[Stored data]
= Beginning of Section =

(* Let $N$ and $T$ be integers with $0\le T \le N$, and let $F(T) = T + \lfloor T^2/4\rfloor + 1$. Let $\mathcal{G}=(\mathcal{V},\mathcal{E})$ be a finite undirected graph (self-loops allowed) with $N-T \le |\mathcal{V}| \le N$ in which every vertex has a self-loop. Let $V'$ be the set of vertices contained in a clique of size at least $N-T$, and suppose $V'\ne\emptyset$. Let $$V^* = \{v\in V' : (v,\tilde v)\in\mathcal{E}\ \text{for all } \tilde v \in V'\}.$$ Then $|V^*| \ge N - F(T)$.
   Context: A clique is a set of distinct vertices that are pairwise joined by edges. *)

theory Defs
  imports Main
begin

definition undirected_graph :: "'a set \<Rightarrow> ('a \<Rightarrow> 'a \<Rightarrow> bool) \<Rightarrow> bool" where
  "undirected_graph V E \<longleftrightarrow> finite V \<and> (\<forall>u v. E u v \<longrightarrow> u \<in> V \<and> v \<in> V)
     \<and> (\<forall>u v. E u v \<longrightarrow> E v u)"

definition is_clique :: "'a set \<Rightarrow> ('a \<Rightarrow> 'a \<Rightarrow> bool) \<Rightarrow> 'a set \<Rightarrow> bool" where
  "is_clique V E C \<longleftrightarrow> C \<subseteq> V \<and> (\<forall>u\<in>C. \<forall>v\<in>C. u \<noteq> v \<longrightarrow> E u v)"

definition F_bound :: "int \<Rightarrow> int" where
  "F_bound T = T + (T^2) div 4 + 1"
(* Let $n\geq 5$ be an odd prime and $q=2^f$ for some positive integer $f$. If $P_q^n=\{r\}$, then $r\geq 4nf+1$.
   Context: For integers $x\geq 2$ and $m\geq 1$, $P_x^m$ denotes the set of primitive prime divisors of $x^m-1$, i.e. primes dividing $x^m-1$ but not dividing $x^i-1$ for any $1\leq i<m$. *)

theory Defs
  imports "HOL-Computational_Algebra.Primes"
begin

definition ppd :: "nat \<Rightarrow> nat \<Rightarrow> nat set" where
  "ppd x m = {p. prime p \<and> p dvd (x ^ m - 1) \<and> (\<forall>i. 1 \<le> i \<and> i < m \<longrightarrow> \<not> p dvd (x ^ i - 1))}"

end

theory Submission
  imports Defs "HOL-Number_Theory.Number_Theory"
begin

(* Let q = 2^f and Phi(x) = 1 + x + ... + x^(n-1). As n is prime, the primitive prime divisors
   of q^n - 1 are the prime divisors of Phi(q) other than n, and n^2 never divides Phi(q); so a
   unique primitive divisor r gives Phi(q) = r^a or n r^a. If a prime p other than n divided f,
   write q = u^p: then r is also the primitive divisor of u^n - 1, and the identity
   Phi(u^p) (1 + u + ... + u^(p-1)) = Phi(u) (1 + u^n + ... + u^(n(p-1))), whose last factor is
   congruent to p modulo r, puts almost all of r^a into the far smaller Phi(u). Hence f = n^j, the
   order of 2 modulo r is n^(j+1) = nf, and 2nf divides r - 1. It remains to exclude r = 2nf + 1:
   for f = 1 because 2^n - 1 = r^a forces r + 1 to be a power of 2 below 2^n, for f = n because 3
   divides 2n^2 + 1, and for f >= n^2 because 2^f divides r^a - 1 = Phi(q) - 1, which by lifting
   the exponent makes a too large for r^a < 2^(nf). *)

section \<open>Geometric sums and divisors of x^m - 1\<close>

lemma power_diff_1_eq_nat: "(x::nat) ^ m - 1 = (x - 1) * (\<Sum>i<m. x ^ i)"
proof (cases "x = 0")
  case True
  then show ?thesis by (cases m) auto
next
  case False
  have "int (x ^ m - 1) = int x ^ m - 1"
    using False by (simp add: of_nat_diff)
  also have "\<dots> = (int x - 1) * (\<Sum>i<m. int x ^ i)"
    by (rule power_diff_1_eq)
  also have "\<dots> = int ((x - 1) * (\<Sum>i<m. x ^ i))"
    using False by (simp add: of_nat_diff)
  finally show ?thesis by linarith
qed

= End of Section =

Retype the lines above, keeping every character.

**ANSWER TO THE PROBLEM:**
(* Let $N$ and $T$ be integers with $0\le T \le N$, and let $F(T) = T + \lfloor T^2/4\rfloor + 1$. Let $\mathcal{G}=(\mathcal{V},\mathcal{E})$ be a finite undirected graph (self-loops allowed) with $N-T \le |\mathcal{V}| \le N$ in which every vertex has a self-loop. Let $V'$ be the set of vertices contained in a clique of size at least $N-T$, and suppose $V'\ne\emptyset$. Let $$V^* = \{v\in V' : (v,\tilde v)\in\mathcal{E}\ \text{for all } \tilde v \in V'\}.$$ Then $|V^*| \ge N - F(T)$.
   Context: A clique is a set of distinct vertices that are pairwise joined by edges. *)

theory Defs
  imports Main
begin

definition undirected_graph :: "'a set \<Rightarrow> ('a \<Rightarrow> 'a \<Rightarrow> bool) \<Rightarrow> bool" where
  "undirected_graph V E \<longleftrightarrow> finite V \<and> (\<forall>u v. E u v \<longrightarrow> u \<in> V \<and> v \<in> V)
     \<and> (\<forall>u v. E u v \<longrightarrow> E v u)"

definition is_clique :: "'a set \<Rightarrow> ('a \<Rightarrow> 'a \<Rightarrow> bool) \<Rightarrow> 'a set \<Rightarrow> bool" where
  "is_clique V E C \<longleftrightarrow> C \<subseteq> V \<and> (\<forall>u\<in>C. \<forall>v\<in>C. u \<noteq> v \<longrightarrow> E u v)"

definition F_bound :: "int \<Rightarrow> int" where
  "F_bound T = T + (T^2) div 4 + 1"
(* Let $n\geq 5$ be an odd prime and $q=2^f$ for some positive integer $f$. If $P_q^n=\{r\}$, then $r\geq 4nf+1$.
   Context: For integers $x\geq 2$ and $m\geq 1$, $P_x^m$ denotes the set of primitive prime divisors of $x^m-1$, i.e. primes dividing $x^m-1$ but not dividing $x^i-1$ for any $1\leq i<m$. *)

theory Defs
  imports "HOL-Computational_Algebra.Primes"
begin

definition ppd :: "nat \<Rightarrow> nat \<Rightarrow> nat set" where
  "ppd x m = {p. prime p \<and> p dvd (x ^ m - 1) \<and> (\<forall>i. 1 \<le> i \<and> i < m \<longrightarrow> \<not> p dvd (x ^ i - 1))}"

end

theory Submission
  imports Defs "HOL-Number_Theory.Number_Theory"
begin

(* Let q = 2^f and Phi(x) = 1 + x + ... + x^(n-1). As n is prime, the primitive prime divisors
   of q^n - 1 are the prime divisors of Phi(q) other than n, and n^2 never divides Phi(q); so a
   unique primitive divisor r gives Phi(q) = r^a or n r^a. If a prime p other than n divided f,
   write q = u^p: then r is also the primitive divisor of u^n - 1, and the identity
   Phi(u^p) (1 + u + ... + u^(p-1)) = Phi(u) (1 + u^n + ... + u^(n(p-1))), whose last factor is
   congruent to p modulo r, puts almost all of r^a into the far smaller Phi(u). Hence f = n^j, the
   order of 2 modulo r is n^(j+1) = nf, and 2nf divides r - 1. It remains to exclude r = 2nf + 1:
   for f = 1 because 2^n - 1 = r^a forces r + 1 to be a power of 2 below 2^n, for f = n because 3
   divides 2n^2 + 1, and for f >= n^2 because 2^f divides r^a - 1 = Phi(q) - 1, which by lifting
   the exponent makes a too large for r^a < 2^(nf). *)

section \<open>Geometric sums and divisors of x^m - 1\<close>

lemma power_diff_1_eq_nat: "(x::nat) ^ m - 1 = (x - 1) * (\<Sum>i<m. x ^ i)"
proof (cases "x = 0")
  case True
  then show ?thesis by (cases m) auto
next
  case False
  have "int (x ^ m - 1) = int x ^ m - 1"
    using False by (simp add: of_nat_diff)
  also have "\<dots> = (int x - 1) * (\<Sum>i<m. int x ^ i)"
    by (rule power_diff_1_eq)
  also have "\<dots> = int ((x - 1) * (\<Sum>i<m. x ^ i))"
    using False by (simp add: of_nat_diff)
  finally show ?thesis by linarith
qed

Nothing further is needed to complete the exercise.